Content starts

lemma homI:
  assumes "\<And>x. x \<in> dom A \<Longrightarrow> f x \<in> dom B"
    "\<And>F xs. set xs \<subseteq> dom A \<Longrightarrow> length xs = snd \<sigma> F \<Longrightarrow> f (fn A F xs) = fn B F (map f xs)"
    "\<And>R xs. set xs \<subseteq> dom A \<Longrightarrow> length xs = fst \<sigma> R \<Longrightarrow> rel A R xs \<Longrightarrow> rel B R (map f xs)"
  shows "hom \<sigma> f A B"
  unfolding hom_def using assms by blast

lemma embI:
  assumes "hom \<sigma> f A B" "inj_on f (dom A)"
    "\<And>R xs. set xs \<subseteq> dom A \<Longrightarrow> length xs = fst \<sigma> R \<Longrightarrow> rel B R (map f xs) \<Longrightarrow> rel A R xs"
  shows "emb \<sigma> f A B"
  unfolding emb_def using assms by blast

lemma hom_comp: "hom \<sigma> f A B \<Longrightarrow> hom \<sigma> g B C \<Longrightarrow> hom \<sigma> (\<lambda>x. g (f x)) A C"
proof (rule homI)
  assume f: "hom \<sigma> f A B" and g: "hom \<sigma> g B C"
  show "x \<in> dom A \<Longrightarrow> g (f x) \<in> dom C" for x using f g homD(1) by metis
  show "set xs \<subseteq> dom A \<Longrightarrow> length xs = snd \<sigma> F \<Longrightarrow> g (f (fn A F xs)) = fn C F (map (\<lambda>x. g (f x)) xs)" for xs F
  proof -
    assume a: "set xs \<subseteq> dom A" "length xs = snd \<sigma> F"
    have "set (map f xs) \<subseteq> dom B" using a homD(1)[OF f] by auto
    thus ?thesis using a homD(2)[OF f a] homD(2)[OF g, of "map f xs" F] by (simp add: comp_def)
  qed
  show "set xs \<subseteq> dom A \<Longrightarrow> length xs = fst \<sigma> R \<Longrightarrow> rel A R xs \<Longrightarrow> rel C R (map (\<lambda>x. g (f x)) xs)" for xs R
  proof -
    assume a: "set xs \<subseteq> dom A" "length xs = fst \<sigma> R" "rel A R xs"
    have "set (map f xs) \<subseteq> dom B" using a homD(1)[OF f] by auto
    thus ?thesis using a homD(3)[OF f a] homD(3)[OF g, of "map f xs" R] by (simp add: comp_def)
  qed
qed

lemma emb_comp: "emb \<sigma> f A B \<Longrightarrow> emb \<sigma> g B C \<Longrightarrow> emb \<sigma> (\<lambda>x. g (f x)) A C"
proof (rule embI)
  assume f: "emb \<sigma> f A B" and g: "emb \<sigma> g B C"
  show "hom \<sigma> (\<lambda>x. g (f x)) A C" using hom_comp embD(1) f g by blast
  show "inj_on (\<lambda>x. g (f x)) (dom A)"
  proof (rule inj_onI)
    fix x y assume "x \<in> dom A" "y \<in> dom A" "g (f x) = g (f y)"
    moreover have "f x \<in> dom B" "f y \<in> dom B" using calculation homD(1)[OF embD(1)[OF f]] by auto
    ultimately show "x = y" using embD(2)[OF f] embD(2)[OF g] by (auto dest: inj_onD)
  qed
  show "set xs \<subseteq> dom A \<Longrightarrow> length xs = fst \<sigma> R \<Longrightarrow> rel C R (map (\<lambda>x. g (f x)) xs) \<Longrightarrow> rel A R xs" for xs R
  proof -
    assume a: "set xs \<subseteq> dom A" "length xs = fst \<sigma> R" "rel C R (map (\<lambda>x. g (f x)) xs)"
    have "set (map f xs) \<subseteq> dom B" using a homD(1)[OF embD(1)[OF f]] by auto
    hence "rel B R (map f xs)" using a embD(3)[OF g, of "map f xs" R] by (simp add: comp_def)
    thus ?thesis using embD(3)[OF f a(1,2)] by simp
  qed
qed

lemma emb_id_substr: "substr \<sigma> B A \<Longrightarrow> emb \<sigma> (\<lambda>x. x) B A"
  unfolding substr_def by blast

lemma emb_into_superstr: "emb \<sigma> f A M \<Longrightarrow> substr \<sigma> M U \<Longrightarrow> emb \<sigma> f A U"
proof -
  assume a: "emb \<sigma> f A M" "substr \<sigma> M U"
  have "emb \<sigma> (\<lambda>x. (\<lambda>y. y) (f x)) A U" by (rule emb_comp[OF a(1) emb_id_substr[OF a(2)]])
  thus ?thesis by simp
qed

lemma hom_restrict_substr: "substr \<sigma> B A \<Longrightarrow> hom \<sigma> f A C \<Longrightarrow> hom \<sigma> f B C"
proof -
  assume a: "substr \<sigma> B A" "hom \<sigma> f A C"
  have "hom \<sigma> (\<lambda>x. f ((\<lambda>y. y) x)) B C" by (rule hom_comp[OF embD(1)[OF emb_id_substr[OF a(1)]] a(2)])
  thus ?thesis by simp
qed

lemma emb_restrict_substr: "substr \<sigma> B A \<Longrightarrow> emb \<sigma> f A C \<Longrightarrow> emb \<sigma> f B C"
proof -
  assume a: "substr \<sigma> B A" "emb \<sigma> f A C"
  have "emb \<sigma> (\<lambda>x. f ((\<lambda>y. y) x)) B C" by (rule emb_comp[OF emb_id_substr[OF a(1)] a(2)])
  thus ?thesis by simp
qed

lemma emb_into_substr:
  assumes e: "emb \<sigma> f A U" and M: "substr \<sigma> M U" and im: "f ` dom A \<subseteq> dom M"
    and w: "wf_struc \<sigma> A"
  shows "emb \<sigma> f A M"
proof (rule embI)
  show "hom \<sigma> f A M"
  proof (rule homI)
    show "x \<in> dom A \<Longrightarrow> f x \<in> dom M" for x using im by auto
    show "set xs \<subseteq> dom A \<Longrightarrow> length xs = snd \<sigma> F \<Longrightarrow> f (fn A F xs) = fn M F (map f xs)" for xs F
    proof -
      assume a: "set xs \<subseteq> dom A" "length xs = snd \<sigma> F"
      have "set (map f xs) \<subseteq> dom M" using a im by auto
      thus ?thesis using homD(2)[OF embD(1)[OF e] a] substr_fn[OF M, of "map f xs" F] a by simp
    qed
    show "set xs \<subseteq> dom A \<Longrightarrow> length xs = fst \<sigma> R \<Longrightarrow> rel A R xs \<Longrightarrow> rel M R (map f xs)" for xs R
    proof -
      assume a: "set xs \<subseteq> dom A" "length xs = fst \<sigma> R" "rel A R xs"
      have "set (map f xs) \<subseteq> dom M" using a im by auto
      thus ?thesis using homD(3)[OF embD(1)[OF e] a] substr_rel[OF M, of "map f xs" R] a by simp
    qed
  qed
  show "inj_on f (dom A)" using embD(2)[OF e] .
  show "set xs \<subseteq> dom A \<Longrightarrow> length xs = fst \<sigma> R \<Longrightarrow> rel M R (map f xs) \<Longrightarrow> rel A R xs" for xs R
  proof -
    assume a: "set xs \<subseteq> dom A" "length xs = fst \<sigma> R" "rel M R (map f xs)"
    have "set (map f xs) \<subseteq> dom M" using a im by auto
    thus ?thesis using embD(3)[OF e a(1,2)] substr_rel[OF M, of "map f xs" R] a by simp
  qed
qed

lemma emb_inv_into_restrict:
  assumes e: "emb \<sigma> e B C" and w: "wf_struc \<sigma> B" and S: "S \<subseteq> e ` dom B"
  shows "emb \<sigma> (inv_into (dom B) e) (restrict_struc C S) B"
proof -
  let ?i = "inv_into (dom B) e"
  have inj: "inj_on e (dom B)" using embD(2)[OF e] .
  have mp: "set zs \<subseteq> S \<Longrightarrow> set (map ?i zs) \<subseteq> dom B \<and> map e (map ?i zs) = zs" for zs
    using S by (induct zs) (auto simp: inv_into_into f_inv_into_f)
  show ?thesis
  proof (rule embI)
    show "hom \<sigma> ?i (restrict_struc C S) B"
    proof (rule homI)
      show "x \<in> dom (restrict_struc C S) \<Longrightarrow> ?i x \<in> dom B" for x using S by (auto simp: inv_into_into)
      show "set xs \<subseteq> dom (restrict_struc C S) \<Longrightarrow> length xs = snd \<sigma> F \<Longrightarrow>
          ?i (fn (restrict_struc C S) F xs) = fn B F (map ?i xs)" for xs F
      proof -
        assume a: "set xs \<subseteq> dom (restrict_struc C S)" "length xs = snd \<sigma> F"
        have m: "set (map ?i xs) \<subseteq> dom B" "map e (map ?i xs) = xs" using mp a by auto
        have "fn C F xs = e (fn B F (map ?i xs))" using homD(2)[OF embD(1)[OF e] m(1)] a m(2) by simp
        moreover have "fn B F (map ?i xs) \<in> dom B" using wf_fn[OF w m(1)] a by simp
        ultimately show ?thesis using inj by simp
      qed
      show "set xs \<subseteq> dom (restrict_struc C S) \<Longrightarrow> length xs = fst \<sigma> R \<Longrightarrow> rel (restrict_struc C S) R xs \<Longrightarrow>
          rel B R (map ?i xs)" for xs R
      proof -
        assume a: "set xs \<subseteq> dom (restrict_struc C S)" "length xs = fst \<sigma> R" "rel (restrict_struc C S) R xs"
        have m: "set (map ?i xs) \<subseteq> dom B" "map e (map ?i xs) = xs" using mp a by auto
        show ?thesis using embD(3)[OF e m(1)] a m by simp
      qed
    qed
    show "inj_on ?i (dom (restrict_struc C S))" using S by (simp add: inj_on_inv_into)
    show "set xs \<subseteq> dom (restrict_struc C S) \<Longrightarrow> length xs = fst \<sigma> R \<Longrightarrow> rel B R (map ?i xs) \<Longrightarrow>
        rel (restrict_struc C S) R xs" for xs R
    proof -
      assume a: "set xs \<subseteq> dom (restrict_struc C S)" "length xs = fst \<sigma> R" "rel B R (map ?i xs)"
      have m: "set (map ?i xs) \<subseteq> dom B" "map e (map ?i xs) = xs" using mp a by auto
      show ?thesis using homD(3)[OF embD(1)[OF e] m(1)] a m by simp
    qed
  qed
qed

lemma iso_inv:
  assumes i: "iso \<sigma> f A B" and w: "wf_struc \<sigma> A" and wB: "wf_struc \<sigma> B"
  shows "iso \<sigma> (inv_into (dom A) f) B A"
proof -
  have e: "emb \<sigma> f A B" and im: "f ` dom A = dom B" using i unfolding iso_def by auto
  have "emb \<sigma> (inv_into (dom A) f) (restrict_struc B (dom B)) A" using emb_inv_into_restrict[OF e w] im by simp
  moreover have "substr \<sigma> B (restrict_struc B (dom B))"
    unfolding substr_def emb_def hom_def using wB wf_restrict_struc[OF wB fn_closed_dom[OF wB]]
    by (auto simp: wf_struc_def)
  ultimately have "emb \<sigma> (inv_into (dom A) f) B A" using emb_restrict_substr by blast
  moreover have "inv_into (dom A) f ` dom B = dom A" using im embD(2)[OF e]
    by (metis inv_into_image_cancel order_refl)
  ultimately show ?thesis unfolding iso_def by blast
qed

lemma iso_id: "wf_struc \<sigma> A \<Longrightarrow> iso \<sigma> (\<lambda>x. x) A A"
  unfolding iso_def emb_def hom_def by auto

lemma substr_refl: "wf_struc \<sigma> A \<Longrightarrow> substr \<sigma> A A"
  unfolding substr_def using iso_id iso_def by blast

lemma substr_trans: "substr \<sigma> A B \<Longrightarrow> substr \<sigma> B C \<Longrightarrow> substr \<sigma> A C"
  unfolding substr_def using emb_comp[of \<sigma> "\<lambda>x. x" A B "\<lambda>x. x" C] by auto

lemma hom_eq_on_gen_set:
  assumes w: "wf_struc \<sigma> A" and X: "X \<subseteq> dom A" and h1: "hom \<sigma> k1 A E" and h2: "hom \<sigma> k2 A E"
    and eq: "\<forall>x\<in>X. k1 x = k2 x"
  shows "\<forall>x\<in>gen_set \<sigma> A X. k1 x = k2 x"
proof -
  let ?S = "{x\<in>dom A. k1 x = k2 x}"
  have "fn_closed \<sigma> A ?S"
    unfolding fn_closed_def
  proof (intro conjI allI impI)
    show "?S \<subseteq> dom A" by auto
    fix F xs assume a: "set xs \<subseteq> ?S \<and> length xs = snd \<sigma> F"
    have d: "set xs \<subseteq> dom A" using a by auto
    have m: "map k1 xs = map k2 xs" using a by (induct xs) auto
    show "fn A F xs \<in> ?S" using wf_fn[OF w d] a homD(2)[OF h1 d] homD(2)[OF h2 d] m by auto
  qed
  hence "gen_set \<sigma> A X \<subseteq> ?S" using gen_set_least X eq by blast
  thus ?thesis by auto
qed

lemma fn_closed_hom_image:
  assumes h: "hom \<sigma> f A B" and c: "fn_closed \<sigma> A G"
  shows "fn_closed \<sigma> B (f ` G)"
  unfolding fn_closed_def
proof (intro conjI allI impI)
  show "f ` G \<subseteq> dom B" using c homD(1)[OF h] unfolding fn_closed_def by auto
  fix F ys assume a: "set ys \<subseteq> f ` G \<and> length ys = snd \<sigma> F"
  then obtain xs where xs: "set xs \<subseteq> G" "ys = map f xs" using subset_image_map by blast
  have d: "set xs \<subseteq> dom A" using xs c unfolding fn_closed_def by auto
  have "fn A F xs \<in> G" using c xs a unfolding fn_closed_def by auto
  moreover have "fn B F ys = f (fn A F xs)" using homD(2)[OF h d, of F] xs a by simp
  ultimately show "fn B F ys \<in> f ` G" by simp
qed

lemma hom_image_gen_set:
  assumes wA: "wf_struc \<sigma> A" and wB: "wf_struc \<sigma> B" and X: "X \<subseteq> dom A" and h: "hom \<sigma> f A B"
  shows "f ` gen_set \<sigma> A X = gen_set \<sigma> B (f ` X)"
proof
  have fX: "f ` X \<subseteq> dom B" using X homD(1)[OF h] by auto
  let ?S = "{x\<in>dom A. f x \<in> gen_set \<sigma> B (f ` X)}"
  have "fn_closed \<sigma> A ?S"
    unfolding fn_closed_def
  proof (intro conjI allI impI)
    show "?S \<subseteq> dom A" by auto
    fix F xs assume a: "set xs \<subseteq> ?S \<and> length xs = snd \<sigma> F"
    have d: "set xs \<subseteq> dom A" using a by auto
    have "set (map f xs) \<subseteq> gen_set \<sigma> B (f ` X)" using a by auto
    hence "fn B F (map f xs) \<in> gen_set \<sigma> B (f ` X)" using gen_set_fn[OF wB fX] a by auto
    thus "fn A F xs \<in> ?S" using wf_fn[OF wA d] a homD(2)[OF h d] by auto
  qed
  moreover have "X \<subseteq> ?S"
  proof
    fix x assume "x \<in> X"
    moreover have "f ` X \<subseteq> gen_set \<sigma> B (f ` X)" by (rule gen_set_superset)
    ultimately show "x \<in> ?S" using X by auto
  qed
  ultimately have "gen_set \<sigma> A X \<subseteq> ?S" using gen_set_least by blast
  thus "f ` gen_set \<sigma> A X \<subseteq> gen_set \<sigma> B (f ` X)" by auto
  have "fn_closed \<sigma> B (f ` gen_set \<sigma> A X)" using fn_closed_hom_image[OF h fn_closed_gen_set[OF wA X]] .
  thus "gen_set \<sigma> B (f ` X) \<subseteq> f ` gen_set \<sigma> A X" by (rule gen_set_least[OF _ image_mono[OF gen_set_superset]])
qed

Content ends

Which lines in the records above contain the string "induct"? Copy each one.

▶ **Solution for this task**:
    using S by (induct zs) (auto simp: inv_into_into f_inv_into_f)
    have m: "map k1 xs = map k2 xs" using a by (induct xs) auto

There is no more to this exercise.